Though COVID-19 vaccine has proven its efficiency, many still remain hesitant due to potential side effects. Side effects include the majority reporting mild to moderate symptoms, such as fever and fatigue, but these symptoms generally would not cause long-term conditions, though rare cases of severe symptoms or potential death are possible. We will use machine learning to build a model that helps people in the general public make a decision on as well as healthcare providers to recommend whether or not someone should take the vaccine and how severe their case might be (chance of death) if they suffer an adverse reaction of whether to take the vaccine or not by predicting a person's chance of death from taking the vaccine given indicating factors, such as age and gender.

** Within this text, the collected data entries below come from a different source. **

(* Let $\mathbb{K}$ be a field of characteristic zero, let $a_1,\dots,a_k\in\mathbb{K}$, and let $(\alpha_j,\beta_j)$, $1\le j\le k$, be pairs of nonnegative integers with $\alpha_1\le\dots\le\alpha_k$. Suppose $1\le\ell<k$ is the smallest index such that $\alpha_{\ell+1}>\alpha_1+\binom{\ell}{2}$, and let \[Q=\sum_{j=1}^\ell a_jX^{\alpha_j}Y^{\beta_j},\qquad R=\sum_{j=\ell+1}^k a_jX^{\alpha_j}Y^{\beta_j},\qquad P=Q+R.\] Then for every $F=uX+vY+w$ with $u,v,w\in\mathbb{K}$ and $uvw\neq0$, \[\operatorname{mult}_F(P)=\min\bigl(\operatorname{mult}_F(Q),\operatorname{mult}_F(R)\bigr).\]
   Context: $\operatorname{mult}_F(P)$ denotes the largest integer $\mu$ such that $F^\mu$ divides $P$, with the convention $\operatorname{mult}_F(0)=+\infty$. *)

theory Defs
  imports "HOL-Computational_Algebra.Polynomial" "HOL-Library.Extended_Nat"
begin

text \<open>Bivariate polynomials K[X,Y] are represented as K[X][Y], i.e. as
  type 'a poly poly: the outer variable is Y, the inner (coefficient) variable is X.\<close>

definition varX :: "'a::comm_ring_1 poly poly" where
  "varX = [: [:0, 1:] :]"

definition varY :: "'a::comm_ring_1 poly poly" where
  "varY = [: 0, 1 :]"

definition bimonom :: "'a::comm_ring_1 \<Rightarrow> nat \<Rightarrow> nat \<Rightarrow> 'a poly poly" where
  "bimonom a i j = monom (monom a i) j"

definition mult_F :: "'a::comm_ring_1 poly poly \<Rightarrow> 'a poly poly \<Rightarrow> enat" where
  "mult_F F P = (if P = 0 then \<infinity> else enat (GREATEST mu. F ^ mu dvd P))"

end

theory Submission
  imports Defs "Jordan_Normal_Form.Determinant"
begin

text \<open>
  Substituting \<open>Y := (T - uX - w)/v\<close> turns \<open>F = uX + vY + w\<close> into the new
  variable \<open>T\<close>, so \<open>mult_F(P)\<close> is the index of the first non-vanishing coefficient (in \<open>T\<close>)
  of the transformed polynomial.  The \<open>m\<close>-th coefficient of a monomial \<open>a X^\<alpha> Y^\<beta>\<close> is a
  multiple of \<open>X^\<alpha> (X - r)^(\<beta>-m)\<close> with \<open>r = -w/u \<noteq> 0\<close>.  The heart of the proof is a
  Wronskian estimate: a non-zero combination of the polynomials \<open>X^(a j) (X - r)^(b j)\<close>,
  \<open>j \<in> S\<close>, vanishes at \<open>0\<close> to order at most \<open>a j + (card {k \<in> S. j \<le> k} choose 2)\<close> for
  some \<open>j \<in> S\<close>.  By the choice of \<open>l\<close> this bounds the order at \<open>0\<close> of every non-zero
  coefficient of \<open>Q\<close> by \<open>\<alpha>\<^sub>1 + (l choose 2) < \<alpha>\<^sub>l\<^sub>+\<^sub>1\<close>, whereas every coefficient of \<open>R\<close>
  is divisible by \<open>X^\<alpha>\<^sub>l\<^sub>+\<^sub>1\<close>.  Hence a coefficient of \<open>Q + R\<close> vanishes only if the
  corresponding coefficients of \<open>Q\<close> and \<open>R\<close> both vanish, and the multiplicities combine by
  \<open>min\<close>.
\<close>

section \<open>Wronskians of univariate polynomials\<close>

definition wronskian_mat :: "nat \<Rightarrow> (nat \<Rightarrow> 'a::field_char_0 poly) \<Rightarrow> 'a poly mat" where
  "wronskian_mat d u = mat d d (\<lambda>(j,i). (pderiv ^^ i) (u j))"

definition wronskian :: "nat \<Rightarrow> (nat \<Rightarrow> 'a::field_char_0 poly) \<Rightarrow> 'a poly" where
  "wronskian d u = det (wronskian_mat d u)"

lemma wronskian_expansion:
  "wronskian d u =
     (\<Sum>p\<in>{p. p permutes {0..<d}}. signof p * (\<Prod>j=0..<d. (pderiv ^^ (p j)) (u j)))"
  unfolding wronskian_def
  apply (subst det_def'[of _ d])
   apply (simp add: wronskian_mat_def)
  apply (rule sum.cong, simp)
  apply (rule arg_cong[where f="\<lambda>x. _ * x"])
  apply (rule prod.cong, simp)
  apply (simp add: wronskian_mat_def)
  done

lemma const_poly_sum: "[:sum f S:] = (\<Sum>x\<in>S. [:f x:])"
proof (induction S rule: infinite_finite_induct)
  case (insert x F)
  then show ?case by (simp add: insert(3)[symmetric])
qed auto

lemma const_poly_mult: "[:a * b:] = [:a:] * [:(b::'a::comm_ring_1):]"
  by simp

lemma const_poly_prod: "[:prod f S:] = (\<Prod>x\<in>S. [:(f x::'a::comm_ring_1):])"
proof (induction S rule: infinite_finite_induct)
  case (insert x F)
  then show ?case by (simp add: insert(3)[symmetric])
qed auto

lemma det_const_poly_mat:
  "det (mat d d (\<lambda>(j,k). [:A j k:])) = [:det (mat d d (\<lambda>(j,k). (A j k::'a::field_char_0))):]"
  apply (subst det_def'[of _ d], simp)
  apply (subst det_def'[of _ d], simp)
  apply (simp only: const_poly_sum const_poly_prod const_poly_mult)
  apply (rule sum.cong, simp)
  apply (rule arg_cong2[where f="(*)"])
   apply (simp add: of_int_poly)
  apply (rule prod.cong, simp)
  by (metis atLeastLessThan_iff index_mat(1) mem_Collect_eq permutes_in_image split_conv)

lemma wronskian_mat_linear_change:
  assumes "\<And>j. j < d \<Longrightarrow> h j = (\<Sum>k<d. Polynomial.smult (A j k) (u k))"
  shows "wronskian_mat d h = mat d d (\<lambda>(j,k). [:A j k:]) * wronskian_mat d u"
  apply (rule eq_matI)
     apply (simp_all add: wronskian_mat_def assms scalar_prod_def higher_pderiv_sum higher_pderiv_smult)
  apply (rule sum.reindex_bij_witness[where i=id and j=id])
  by auto

lemma wronskian_linear_change:
  assumes "\<And>j. j < d \<Longrightarrow> h j = (\<Sum>k<d. Polynomial.smult (A j k) (u k))"
  shows "wronskian d h = [:det (mat d d (\<lambda>(j,k). A j k)):] * wronskian d u"
proof -
  have "wronskian_mat d h = mat d d (\<lambda>(j,k). [:A j k:]) * wronskian_mat d u"
    by (rule wronskian_mat_linear_change[OF assms])
  then show ?thesis unfolding wronskian_def \<open>wronskian_mat d h = _\<close>
    by (subst det_mult[of _ d]) (auto simp: wronskian_mat_def det_const_poly_mat)
qed

text \<open>The ring identity behind the product rule for \<open>(X - p)^(k+1) * s\<close>.\<close>
lemma pderiv_root_power_identity:
  "(q::'a::comm_ring_1 poly) ^ Suc k * a + s * (Polynomial.smult c (q ^ k) * b) =
   q ^ k * (q * a + Polynomial.smult c (s * b))"
  by (simp add: algebra_simps)

lemma root_power_dvd_pderiv:
  fixes f :: "'a::field_char_0 poly"
  assumes "[:-p,1:] ^ m dvd f"
  shows "[:-p,1:] ^ (m - 1) dvd pderiv f"
proof (cases m)
  case (Suc k)
  from assms obtain s where s: "f = [:-p,1:] ^ m * s" by (auto elim: dvdE)
  have "pderiv f = [:-p,1:] ^ m * pderiv s +
          s * (Polynomial.smult (of_nat (Suc k)) ([:-p,1:] ^ k) * pderiv [:-p,1:])"
    unfolding s pderiv_mult Suc pderiv_power_Suc by simp
  also have "\<dots> = [:-p,1:] ^ k *
      ([:-p,1:] * pderiv s + Polynomial.smult (of_nat (Suc k)) (s * pderiv [:-p,1:]))"
    unfolding Suc by (rule pderiv_root_power_identity)
  finally show ?thesis using Suc by (metis diff_Suc_1 dvd_triv_left)
qed simp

There are a couple of reasons why we want to tackle the challenge of vaccine hesitancy through this project. The first is that a large enough portion of the population is hesitant to get the vaccine because herd immunity is far from achievable at the current level. Specifically, only about 83% of Americans have received at least one dose while only 71% is fully vaccinated. According to the Mayo Clinic, “94% of the population must be immune to interrupt the chain of transmission” of COVID-19, a highly optimistic goal at this rate. The second reason why we chose this issue is due to new developments in COVID-19 and the fight against it. This includes the fact that the FDA has authorized the vaccine even for children under the age of 5, a fourth dose expected to be available to all Americans very soon, and COVID cases recently rising due to the raging BA 5 variant. These developments give lots of opportunities for misinformation to expand beyond what has already been spread.
We have decided to use the Vaccine Adverse Event Reporting System (VAERS) dataset compiled by the Department of Health and Human Services. It consists of over 34,000 reported incidents of adverse reactions to various vaccines, among them the COVID-19 vaccine.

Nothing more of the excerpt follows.